Data extracted from a collection:
------------------------------------

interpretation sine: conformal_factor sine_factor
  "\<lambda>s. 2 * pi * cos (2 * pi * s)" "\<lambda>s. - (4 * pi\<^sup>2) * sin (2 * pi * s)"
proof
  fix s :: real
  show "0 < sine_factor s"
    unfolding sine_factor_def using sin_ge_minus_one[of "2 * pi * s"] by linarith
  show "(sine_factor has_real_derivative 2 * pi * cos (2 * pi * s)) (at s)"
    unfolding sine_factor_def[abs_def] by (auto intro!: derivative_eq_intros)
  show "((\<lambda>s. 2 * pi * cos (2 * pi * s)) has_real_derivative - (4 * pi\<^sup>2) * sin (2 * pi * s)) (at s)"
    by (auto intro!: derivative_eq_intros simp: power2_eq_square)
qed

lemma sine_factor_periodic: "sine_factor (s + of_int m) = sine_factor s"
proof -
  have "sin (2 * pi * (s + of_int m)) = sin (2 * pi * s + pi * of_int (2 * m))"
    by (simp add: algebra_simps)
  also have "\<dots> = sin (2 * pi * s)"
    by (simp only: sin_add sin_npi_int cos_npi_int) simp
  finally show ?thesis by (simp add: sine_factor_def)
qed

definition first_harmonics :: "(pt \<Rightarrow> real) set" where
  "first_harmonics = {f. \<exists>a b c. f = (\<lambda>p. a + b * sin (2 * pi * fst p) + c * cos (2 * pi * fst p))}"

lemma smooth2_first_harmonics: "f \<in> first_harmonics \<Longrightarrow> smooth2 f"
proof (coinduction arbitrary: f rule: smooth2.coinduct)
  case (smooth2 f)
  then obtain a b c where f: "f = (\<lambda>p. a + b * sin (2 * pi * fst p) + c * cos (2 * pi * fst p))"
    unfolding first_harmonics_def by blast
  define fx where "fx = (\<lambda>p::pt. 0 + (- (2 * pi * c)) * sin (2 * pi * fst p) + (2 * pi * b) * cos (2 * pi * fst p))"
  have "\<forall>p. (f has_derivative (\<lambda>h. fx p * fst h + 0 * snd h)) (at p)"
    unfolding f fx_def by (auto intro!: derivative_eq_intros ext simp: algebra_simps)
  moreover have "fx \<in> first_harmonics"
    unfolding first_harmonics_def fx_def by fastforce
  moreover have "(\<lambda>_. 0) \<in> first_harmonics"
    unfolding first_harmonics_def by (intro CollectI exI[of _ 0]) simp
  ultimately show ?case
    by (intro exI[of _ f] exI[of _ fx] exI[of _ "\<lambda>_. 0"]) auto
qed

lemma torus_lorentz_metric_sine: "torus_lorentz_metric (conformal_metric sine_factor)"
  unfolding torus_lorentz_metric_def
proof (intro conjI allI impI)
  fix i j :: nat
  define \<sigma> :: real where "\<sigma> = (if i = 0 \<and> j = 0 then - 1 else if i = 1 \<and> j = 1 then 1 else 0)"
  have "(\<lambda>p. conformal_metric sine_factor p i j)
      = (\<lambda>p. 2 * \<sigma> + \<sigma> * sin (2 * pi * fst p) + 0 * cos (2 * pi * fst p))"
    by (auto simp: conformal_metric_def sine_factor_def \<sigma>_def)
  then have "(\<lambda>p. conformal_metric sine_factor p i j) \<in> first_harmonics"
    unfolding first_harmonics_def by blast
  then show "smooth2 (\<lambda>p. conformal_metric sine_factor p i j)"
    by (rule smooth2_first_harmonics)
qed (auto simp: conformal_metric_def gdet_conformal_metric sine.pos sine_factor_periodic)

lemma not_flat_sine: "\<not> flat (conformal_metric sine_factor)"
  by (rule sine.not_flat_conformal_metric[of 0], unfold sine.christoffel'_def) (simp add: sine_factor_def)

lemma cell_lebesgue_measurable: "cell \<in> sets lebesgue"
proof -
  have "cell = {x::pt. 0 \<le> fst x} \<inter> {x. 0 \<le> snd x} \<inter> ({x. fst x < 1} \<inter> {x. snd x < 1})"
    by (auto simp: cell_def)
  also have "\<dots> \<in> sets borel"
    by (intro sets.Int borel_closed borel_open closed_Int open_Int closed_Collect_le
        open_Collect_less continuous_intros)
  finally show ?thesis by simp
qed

------------------------------------

**How to complete this task**
Give back every entry above, complete and exact.

**Reply**
interpretation sine: conformal_factor sine_factor
  "\<lambda>s. 2 * pi * cos (2 * pi * s)" "\<lambda>s. - (4 * pi\<^sup>2) * sin (2 * pi * s)"
proof
  fix s :: real
  show "0 < sine_factor s"
    unfolding sine_factor_def using sin_ge_minus_one[of "2 * pi * s"] by linarith
  show "(sine_factor has_real_derivative 2 * pi * cos (2 * pi * s)) (at s)"
    unfolding sine_factor_def[abs_def] by (auto intro!: derivative_eq_intros)
  show "((\<lambda>s. 2 * pi * cos (2 * pi * s)) has_real_derivative - (4 * pi\<^sup>2) * sin (2 * pi * s)) (at s)"
    by (auto intro!: derivative_eq_intros simp: power2_eq_square)
qed

lemma sine_factor_periodic: "sine_factor (s + of_int m) = sine_factor s"
proof -
  have "sin (2 * pi * (s + of_int m)) = sin (2 * pi * s + pi * of_int (2 * m))"
    by (simp add: algebra_simps)
  also have "\<dots> = sin (2 * pi * s)"
    by (simp only: sin_add sin_npi_int cos_npi_int) simp
  finally show ?thesis by (simp add: sine_factor_def)
qed

definition first_harmonics :: "(pt \<Rightarrow> real) set" where
  "first_harmonics = {f. \<exists>a b c. f = (\<lambda>p. a + b * sin (2 * pi * fst p) + c * cos (2 * pi * fst p))}"

lemma smooth2_first_harmonics: "f \<in> first_harmonics \<Longrightarrow> smooth2 f"
proof (coinduction arbitrary: f rule: smooth2.coinduct)
  case (smooth2 f)
  then obtain a b c where f: "f = (\<lambda>p. a + b * sin (2 * pi * fst p) + c * cos (2 * pi * fst p))"
    unfolding first_harmonics_def by blast
  define fx where "fx = (\<lambda>p::pt. 0 + (- (2 * pi * c)) * sin (2 * pi * fst p) + (2 * pi * b) * cos (2 * pi * fst p))"
  have "\<forall>p. (f has_derivative (\<lambda>h. fx p * fst h + 0 * snd h)) (at p)"
    unfolding f fx_def by (auto intro!: derivative_eq_intros ext simp: algebra_simps)
  moreover have "fx \<in> first_harmonics"
    unfolding first_harmonics_def fx_def by fastforce
  moreover have "(\<lambda>_. 0) \<in> first_harmonics"
    unfolding first_harmonics_def by (intro CollectI exI[of _ 0]) simp
  ultimately show ?case
    by (intro exI[of _ f] exI[of _ fx] exI[of _ "\<lambda>_. 0"]) auto
qed

lemma torus_lorentz_metric_sine: "torus_lorentz_metric (conformal_metric sine_factor)"
  unfolding torus_lorentz_metric_def
proof (intro conjI allI impI)
  fix i j :: nat
  define \<sigma> :: real where "\<sigma> = (if i = 0 \<and> j = 0 then - 1 else if i = 1 \<and> j = 1 then 1 else 0)"
  have "(\<lambda>p. conformal_metric sine_factor p i j)
      = (\<lambda>p. 2 * \<sigma> + \<sigma> * sin (2 * pi * fst p) + 0 * cos (2 * pi * fst p))"
    by (auto simp: conformal_metric_def sine_factor_def \<sigma>_def)
  then have "(\<lambda>p. conformal_metric sine_factor p i j) \<in> first_harmonics"
    unfolding first_harmonics_def by blast
  then show "smooth2 (\<lambda>p. conformal_metric sine_factor p i j)"
    by (rule smooth2_first_harmonics)
qed (auto simp: conformal_metric_def gdet_conformal_metric sine.pos sine_factor_periodic)

lemma not_flat_sine: "\<not> flat (conformal_metric sine_factor)"
  by (rule sine.not_flat_conformal_metric[of 0], unfold sine.christoffel'_def) (simp add: sine_factor_def)

lemma cell_lebesgue_measurable: "cell \<in> sets lebesgue"
proof -
  have "cell = {x::pt. 0 \<le> fst x} \<inter> {x. 0 \<le> snd x} \<inter> ({x. fst x < 1} \<inter> {x. snd x < 1})"
    by (auto simp: cell_def)
  also have "\<dots> \<in> sets borel"
    by (intro sets.Int borel_closed borel_open closed_Int open_Int closed_Collect_le
        open_Collect_less continuous_intros)
  finally show ?thesis by simp
qed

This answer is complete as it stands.